Die enge Vernetzung mit den Lieferanten hat auch Auswirkungen auf die strategische Beschaffung, indem sich intensive Partnerschaften bilden [3]. Die Vernetzung endet also nicht mit der Leistungserbringung; vielmehr wird der Lieferant dank seiner Expertise bzgl. seiner gewinnbringenden Fähigkeiten integriert [12]. Hierdurch lassen sich nicht nur gemeinschaftliche Innovationspotenziale identifizieren, um die Produktentwicklung zu fördern [12]. Der echtzeitnahe, transparente Informationsaustausch ermöglicht zudem, dass die strategischen Partner im Moment des Eingangs eines Kundenauftrags ad-hoc individuell Produkte entwickeln [13]. Auch hier erhalten CPS durch Data Analytics und Künstliche Intelligenz die Fähigkeit, Situationen zu analysieren und eigene Entscheidungen zu treffen, indem z. B. Entwicklungspotenziale der Lieferanten aufgedeckt werden und Entscheidungen über die Zusammenarbeit vorbereitet sowie getroffen werden [9, 10].

Anhand der zwei wesentlichen Paradigmen der Beschaffung 4.0 – automatisierte Beschaffung und intensive Kollaboration [3] – werden nachfolgend die Veränderungen der Risiken analysiert.
 

Risiken in der Beschaffung

Ein Risiko beschreibt – entsprechend der wirkungsorientierten Risikodefinition – die Gefahr eines unerwarteten Ereignisses, welches zur Verfehlung geplanter Ziele führt [14]. Das konkrete Konzept von Risiken umfasst drei Komponenten [15]:

 

  1. Kenntnis über die Existenz eines möglichen Risikos

  2. Eintrittswahrscheinlichkeit des Risikos

  3. Schadenshöhe bei Eintreten des Risikos

 

Anhand dieses Konzepts wird im Folgenden die digitalisierungsbedingte Risikoveränderung in der Beschaffung 4.0 analysiert. 

Die Kenntnis über mögliche Beschaffungsrisiken geht auf eine Literaturrecherche zurück, in der verschiedene Beschaffungsrisiken identifiziert wurden [u. a. 16-19]. Generell können Risiken in der Beschaffung bei Lieferanten oder auf dem Beschaffungsmarkt auftreten und die Versorgung des Unternehmens gefährden [20]. Da das wesentliche Merkmal von Beschaffung 4.0 in der umfassenden Vernetzung mit den Lieferanten liegt, konzentriert sich die nachfolgende Analyse auf Risiken, die in der Beziehung mit bzw. bei Lieferanten auftreten.
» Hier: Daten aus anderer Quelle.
lemma t_class_affine_map:
  assumes "0 < n" "coprime a n"
  shows "t_class n (affine_map n a b) = n - cyc n (affine_map n a 0)"
proof -
  have shift: "(\<lambda>x. affine_map n a b ((x + c) mod n)) = affine_map n a ((a * c + b) mod n)" for c
  proof
    fix x
    have "(a * ((x + c) mod n) + b) mod n = (a * (x + c) + b) mod n"
      by (metis mod_add_left_eq mod_mult_right_eq)
    then show "affine_map n a b ((x + c) mod n) = affine_map n a ((a * c + b) mod n) x"
      by (simp add: affine_map_def mod_add_right_eq algebra_simps)
  qed
  have shift_class: "shift_class n (affine_map n a b) = (\<lambda>c. affine_map n a ((a * c + b) mod n)) ` {..<n}"
    unfolding shift_class_def shift by auto
  obtain c0 where c0: "c0 < n" "affine_map n a b c0 = 0"
    using bij_betw_imp_surj_on[OF bij_betw_affine_map[OF assms(2), of b]] assms(1)
    by (metis imageE lessThan_iff)
  show ?thesis
    unfolding t_class_def shift_class image_image
  proof (rule Min_eqI)
    fix y assume "y \<in> (\<lambda>c. t_perm n (affine_map n a ((a * c + b) mod n))) ` {..<n}"
    then show "n - cyc n (affine_map n a 0) \<le> y"
      using cyc_affine_map_le[OF assms(2)] by (auto simp: t_perm_def diff_le_mono2)
  next
    show "n - cyc n (affine_map n a 0) \<in> (\<lambda>c. t_perm n (affine_map n a ((a * c + b) mod n))) ` {..<n}"
      using c0 by (auto simp: t_perm_def affine_map_def intro!: image_eqI[of _ _ c0])
  qed simp
qed
lemma lpath_trim:
  assumes "lpath V E s w t" "i \<in> Ini" "lpath V E i w0 s" "f \<in> Fin" "lpath V E t w1 f"
  shows "lpath U TE s w t"
  using assms
proof (induction arbitrary: w0 rule: lpath.induct)
  case (lpath_nil s)
  then have "s \<in> U" unfolding aut_useful_def by blast
  then show ?case by (rule lpath.lpath_nil)
next
  case (lpath_cons s a s' w t)
  have V: "s \<in> V" "s' \<in> V" using lpath_cons(1) unfolding aut_arc_def by auto
  have "lpath V E s [a] s'" using lpath_cons(1) V by (auto intro: lpath.intros)
  then have i_s': "lpath V E i (w0 @ [a]) s'" by (rule lpath_append[OF lpath_cons(5)])
  have "lpath V E s (a # w @ w1) f"
    using lpath_cons(1,2,7) by (auto intro: lpath.intros lpath_append)
  then have "s \<in> U" unfolding aut_useful_def using V lpath_cons(4,5,6) by blast
  moreover have "s' \<in> U"
    using lpath_append[OF lpath_cons(2,7)] i_s' V lpath_cons(4,6) unfolding aut_useful_def by blast
  ultimately have "TE s a s'" unfolding taut_arc_def using lpath_cons(1) by blast
  then show ?case using lpath_cons(3)[OF lpath_cons(4) i_s' lpath_cons(6,7)] by (rule lpath.lpath_cons)
qed

lemma lpath_trim_in_U: "lpath U TE s w t \<Longrightarrow> s \<in> U \<and> t \<in> U"
  by (induction rule: lpath.induct) (auto simp: taut_arc_def)

lemma lpath_untrim: "lpath U TE s w t \<Longrightarrow> lpath V E s w t"
  by (erule lpath_mono) (auto simp: aut_useful_def taut_arc_def)

lemma accepting_lpath_bridge:
  assumes "lpath V E i x F" "i \<in> Ini" "F \<in> Fin" "w \<in> B (I, F)"
  defines "\<alpha> \<equiv> drop (length x - \<kappa>) x"
  shows "\<kappa> \<le> length x \<and> (x @ w @ wb \<alpha> \<in> L1 \<or> \<alpha> @ w @ wb x \<in> L2)"
proof -
  obtain P e1 e2 l where F: "F = (P, e1, e2, l)" by (cases F) auto
  have "l = \<kappa>" using assms(3) F unfolding aut_fin_def by simp
  obtain a1 a2 where i: "i = ((q01, q02), a1, a2, 0)" using assms(2) unfolding aut_init_def by blast
  have P: "P = (foldl d1 q01 x, foldl d2 q02 x)" using lpath_components[OF assms(1)] i F by simp
  obtain y \<alpha>' where x: "x = y @ \<alpha>'" "length \<alpha>' = \<kappa>"
    and trigger: "foldl d1 e1 (wb \<alpha>') \<in> F1 \<or> foldl d2 e2 (wb \<alpha>') \<in> F2"
    using lpath_level_zero[OF assms(1)] i F \<open>l = \<kappa>\<close> kappa_pos by auto
  have "\<alpha> = \<alpha>'" unfolding \<alpha>_def using x by simp
  have w: "foldl d1 (foldl d1 q01 x) w = e1" "foldl d2 (foldl d2 q02 x) (wb w) = e2"
    using assms(4) F P by (simp_all add: B_mu_def Bset_def)
  have "x @ w @ wb \<alpha> \<in> L1 \<or> wb (\<alpha> @ w @ wb x) \<in> dfa_lang d2 q02 F2"
    using trigger w unfolding L1_lang dfa_lang_def \<open>\<alpha> = \<alpha>'\<close> by auto
  then show ?thesis using x L2_iff by simp
qed

lemma growth_B_le:
  assumes "\<mu> \<in> M"
  shows "growth (B \<mu>) \<le> max (growth L1) (growth L2)"
proof -
  obtain I F where \<mu>: "\<mu> = (I, F)" by (cases \<mu>)
  have "F \<in> U" "F \<in> Fin" using assms \<mu> unfolding aut_M_def by auto
  then obtain i x where x: "i \<in> Ini" "lpath V E i x F" unfolding aut_useful_def by blast
  let ?\<alpha> = "drop (length x - \<kappa>) x"
  have bridge: "\<kappa> \<le> length x \<and> (x @ w @ wb ?\<alpha> \<in> L1 \<or> ?\<alpha> @ w @ wb x \<in> L2)"
    if "w \<in> B \<mu>" for w
    using accepting_lpath_bridge[OF x(2,1) \<open>F \<in> Fin\<close>, of w I] that \<mu> by simp
  show ?thesis
  proof (rule growth_le_max_by_injections)
    show "inj_on (\<lambda>w. x @ w @ wb ?\<alpha>) (B \<mu>)" "inj_on (\<lambda>w. ?\<alpha> @ w @ wb x) (B \<mu>)"
      by (auto intro: inj_onI)
    fix w assume "w \<in> B \<mu>"
    then show "length (x @ w @ wb ?\<alpha>) = length w + (length x + \<kappa>) \<and>
        length (?\<alpha> @ w @ wb x) = length w + (length x + \<kappa>)"
      "x @ w @ wb ?\<alpha> \<in> L1 \<or> ?\<alpha> @ w @ wb x \<in> L2"
      using bridge by auto
  qed
qed

lemma growth_R_le:
  assumes "\<mu> \<in> M"
  shows "growth (R \<mu>) \<le> max (growth L1) (growth L2)"
proof -
  obtain I F where \<mu>: "\<mu> = (I, F)" by (cases \<mu>)
  have I: "I \<in> Ini" and F: "F \<in> Fin" using assms \<mu> unfolding aut_M_def by auto
  then obtain w0 where "w0 \<in> B \<mu>"
    unfolding \<mu> aut_fin_def aut_states_def B_mu_def by (auto split: prod.splits)
  let ?\<alpha> = "\<lambda>x. drop (length x - \<kappa>) x"
  have bridge: "\<kappa> \<le> length x \<and> (x @ w0 @ wb (?\<alpha> x) \<in> L1 \<or> ?\<alpha> x @ w0 @ wb x \<in> L2)"
    if "x \<in> R \<mu>" for x
    using that accepting_lpath_bridge[OF _ I F \<open>w0 \<in> B \<mu>\<close>[unfolded \<mu>]] lpath_untrim
    unfolding \<mu> R_mu_def by simp
  show ?thesis
  proof (rule growth_le_max_by_injections)
    show "inj_on (\<lambda>x. x @ w0 @ wb (?\<alpha> x)) (R \<mu>)"
    proof (rule inj_onI)
      fix x x' assume "x \<in> R \<mu>" "x' \<in> R \<mu>" and eq: "x @ w0 @ wb (?\<alpha> x) = x' @ w0 @ wb (?\<alpha> x')"
      then have "length x = length x'" using bridge[of x] bridge[of x'] arg_cong[OF eq, of length] by simp
      then show "x = x'" using eq by simp
    qed
    show "inj_on (\<lambda>x. ?\<alpha> x @ w0 @ wb x) (R \<mu>)"
    proof (rule inj_onI)
      fix x x' assume "x \<in> R \<mu>" "x' \<in> R \<mu>" and eq: "?\<alpha> x @ w0 @ wb x = ?\<alpha> x' @ w0 @ wb x'"
      then have "wb x = wb x'" using bridge[of x] bridge[of x'] by (simp add: append_eq_append_conv)
      then show "x = x'" using inj_wb by (simp add: inj_eq)
    qed
    fix x assume "x \<in> R \<mu>"
    then show "length (x @ w0 @ wb (?\<alpha> x)) = length x + (length w0 + \<kappa>) \<and>
        length (?\<alpha> x @ w0 @ wb x) = length x + (length w0 + \<kappa>)"
      "x @ w0 @ wb (?\<alpha> x) \<in> L1 \<or> ?\<alpha> x @ w0 @ wb x \<in> L2"
      using bridge by auto
  qed
qed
Beschaffungsmarktrisiken, wie z. B. Währungsrisiko, Wirtschaftsrisiko, Zollrisiko, Risiko politischer Instabilität oder Risiko klimatischer bzw. naturbedingter Katastrophen [16-19], werden im Folgenden nicht näher betrachtet, da sie durch die Umsetzung von Beschaffung 4.0 maximal indirekt (z. B. durch eine bessere Überwachung) beeinflusst werden.

Für die identifizierten Risiken wird analysiert, ob Eintrittswahrscheinlichkeit und Schadenshöhe in der digitalisierungsinduzierten Beschaffung 4.0, verglichen mit der traditionellen Beschaffung, tendenziell steigen oder sinken (Bild 1). Die Beurteilung erfolgt unter Berücksichtigung der zwei Paradigmen der Beschaffung 4.0 – automatisierte Beschaffung und strategische Kollaboration.